Я решил поехать; я увижу, как его будут опускать в могилу; я увижу Дэфни и скажу ей, что убил его я. Бумаги на Линча лежали на письменном столе доктора, и он показал мне свое заключение, составленное, как он выразился, «ради порядка». Возможно, он думал, что сухой стиль медицинского заключения заслонит в моей памяти картину, открывшуюся взгляду в радиоотсеке, но едва я дошел до упоминания о мозге, как волна дрожи прокатилась по всему моему телу, ибо в случившемся был виновен я, мое легкомыслие, и я поднялся, чтобы уйти.
– Минуточку, – сказал док, подошел к шкафчику, достал из флакона несколько желтых таблеток и протянул мне. – Примите вечером, перед тем как лечь спать.
Пилюли показались мне страшнее, чем возможность оказаться сбитым на «крепости».
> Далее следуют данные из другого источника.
(* Assume Hypothesis (H), let $b=b_1+b_2$, $M=N-P$ be splittings as described, $J(x):=N-b_1(\cdot,x)$, $g(x):=a+Px+b_2(x,x)$, and let $(x_k)$ be generated by $x_{k+1}=J(x_k)^{-1}g(x_k)$ from some $x_0$ with $0\leq x_0\leq x_\ast$ and $F(x_0)\leq 0$. Fix $k\geq 0$, let $y_k$ be any vector with $x_k\leq y_k\leq x_{k+1}$ and $g_k$ any vector with $g(x_k)\leq g_k\leq g(x_{k+1})$. Then $J(y_k)$ is nonsingular and $x^{GS}_{k+1}:=J(y_k)^{-1}g_k$ satisfies $x_{k+1}\leq x^{GS}_{k+1}\leq x_\ast$.
   Context: Inequalities between vectors/matrices are componentwise. An M-matrix is a matrix $sI-P$ with $P\geq0$ entrywise and $s\geq\rho(P)$ ($\rho$ = spectral radius). Let $M\in\mathbb R^{n\times n}$ be a nonsingular M-matrix, $a\in\mathbb R^n$ with $a\geq 0$, and $b:\mathbb R^n\times\mathbb R^n\to\mathbb R^n$ a bilinear map (not necessarily symmetric) with $b(x,y)\geq 0$ whenever $x,y\geq 0$. A solution of $Mx=a+b(x,x)$ means a vector $x\geq 0$ satisfying it; a solution $x_\ast$ is minimal if $x_\ast\leq y$ for every solution $y$. $F(x):=Mx-a-b(x,x)$. For a bilinear map $c$ and $x\in\mathbb R^n$, $c(x,\cdot)$ and $c(\cdot,x)$ denote the $n\times n$ matrices of $y\mapsto c(x,y)$ and $y\mapsto c(y,x)$; $F'_x:=M-b(x,\cdot)-b(\cdot,x)$. Hypothesis (H): the equation has a minimal solution $x_\ast$, $x_\ast>0$ (all components strictly positive), and either $F'_{x_\ast}$ is nonsingular, or $F'_{x_\ast}$ is irreducible and $F'_x\neq F'_{x_\ast}$ for every $x$ with $0\leq x\leq x_\ast$, $x\neq x_\ast$. Splittings: $b=b_1+b_2$ with $b_1,b_2$ bilinear and $b_i(x,y)\geq0$ for $x,y\geq0$; $M=N-P$ with $N$ an M-matrix and $P\geq 0$. *)

theory Defs
  imports "HOL-Analysis.Analysis"
begin

definition cmat :: "real^'n^'n \<Rightarrow> complex^'n^'n" where
  "cmat A = (\<chi> i j. complex_of_real (A $ i $ j))"

definition spec_rad :: "real^'n^'n \<Rightarrow> real" where
  "spec_rad A = Max {cmod l | l. det (mat l - cmat A) = 0}"

definition M_matrix :: "real^'n^'n \<Rightarrow> bool" where
  "M_matrix A \<longleftrightarrow> (\<exists>s P. 0 \<le> P \<and> spec_rad P \<le> s \<and> A = mat s - P)"

text \<open>Irreducible matrix: no simultaneous row/column permutation brings it into
  block upper triangular form, i.e. there is no nonempty proper index set I with
  A_ij = 0 for all i in I, j not in I.\<close>
definition irreducible_mat :: "real^'n^'n \<Rightarrow> bool" where
  "irreducible_mat A \<longleftrightarrow>
     \<not> (\<exists>I. I \<noteq> {} \<and> I \<noteq> UNIV \<and> (\<forall>i\<in>I. \<forall>j. j \<notin> I \<longrightarrow> A $ i $ j = 0))"

definition is_sol :: "real^'n^'n \<Rightarrow> real^'n \<Rightarrow> (real^'n \<Rightarrow> real^'n \<Rightarrow> real^'n) \<Rightarrow> real^'n \<Rightarrow> bool" where
  "is_sol M a b x \<longleftrightarrow> 0 \<le> x \<and> M *v x = a + b x x"

definition is_min_sol :: "real^'n^'n \<Rightarrow> real^'n \<Rightarrow> (real^'n \<Rightarrow> real^'n \<Rightarrow> real^'n) \<Rightarrow> real^'n \<Rightarrow> bool" where
  "is_min_sol M a b x \<longleftrightarrow> is_sol M a b x \<and> (\<forall>y. is_sol M a b y \<longrightarrow> x \<le> y)"

definition Fmap :: "real^'n^'n \<Rightarrow> real^'n \<Rightarrow> (real^'n \<Rightarrow> real^'n \<Rightarrow> real^'n) \<Rightarrow> real^'n \<Rightarrow> real^'n" where
  "Fmap M a b x = M *v x - a - b x x"

definition Fderiv :: "real^'n^'n \<Rightarrow> (real^'n \<Rightarrow> real^'n \<Rightarrow> real^'n) \<Rightarrow> real^'n \<Rightarrow> real^'n^'n" where
  "Fderiv M b x = M - matrix (\<lambda>y. b x y) - matrix (\<lambda>y. b y x)"

definition hypH :: "real^'n^'n \<Rightarrow> real^'n \<Rightarrow> (real^'n \<Rightarrow> real^'n \<Rightarrow> real^'n) \<Rightarrow> real^'n \<Rightarrow> bool" where
  "hypH M a b xs \<longleftrightarrow> is_min_sol M a b xs \<and> (\<forall>i. 0 < xs $ i) \<and>
     (invertible (Fderiv M b xs) \<or>
      (irreducible_mat (Fderiv M b xs) \<and>
       (\<forall>x. 0 \<le> x \<and> x \<le> xs \<and> x \<noteq> xs \<longrightarrow> Fderiv M b x \<noteq> Fderiv M b xs)))"

end

theory Submission
  imports Defs
begin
– Не хочу привыкать к этим проклятым штукам, – поморщился я.
Доктор прочел мне краткую лекцию об успокаивающих средствах.
– Все три?
– Все три.
Я направился в комнату Биссемера и, к своему крайнему раздражению, застал там Мерроу. Зачем ему понадобилось, да еще в столь поздний час, вмешиваться в дела Линча? Не мог же он прийти поговорить с этим ничтожеством, командиром Линча, из уважения ко мне, и я понял, что не ошибся, когда услышал, о чем они толкуют. Они спорили, как поступить с вещами Линча. Биссемер хотел сложить их и отослать домой; Мерроу предлагал поделить среди друзей Линча. Должен сказать, что у нас практиковались и тот и другой способ распорядиться имуществом погибшего летчика, но тогда я подумал лишь о том, что вещи для Мерроу важнее человеческой жизни. Он хотел заполучить кое-что из пожитков Линча.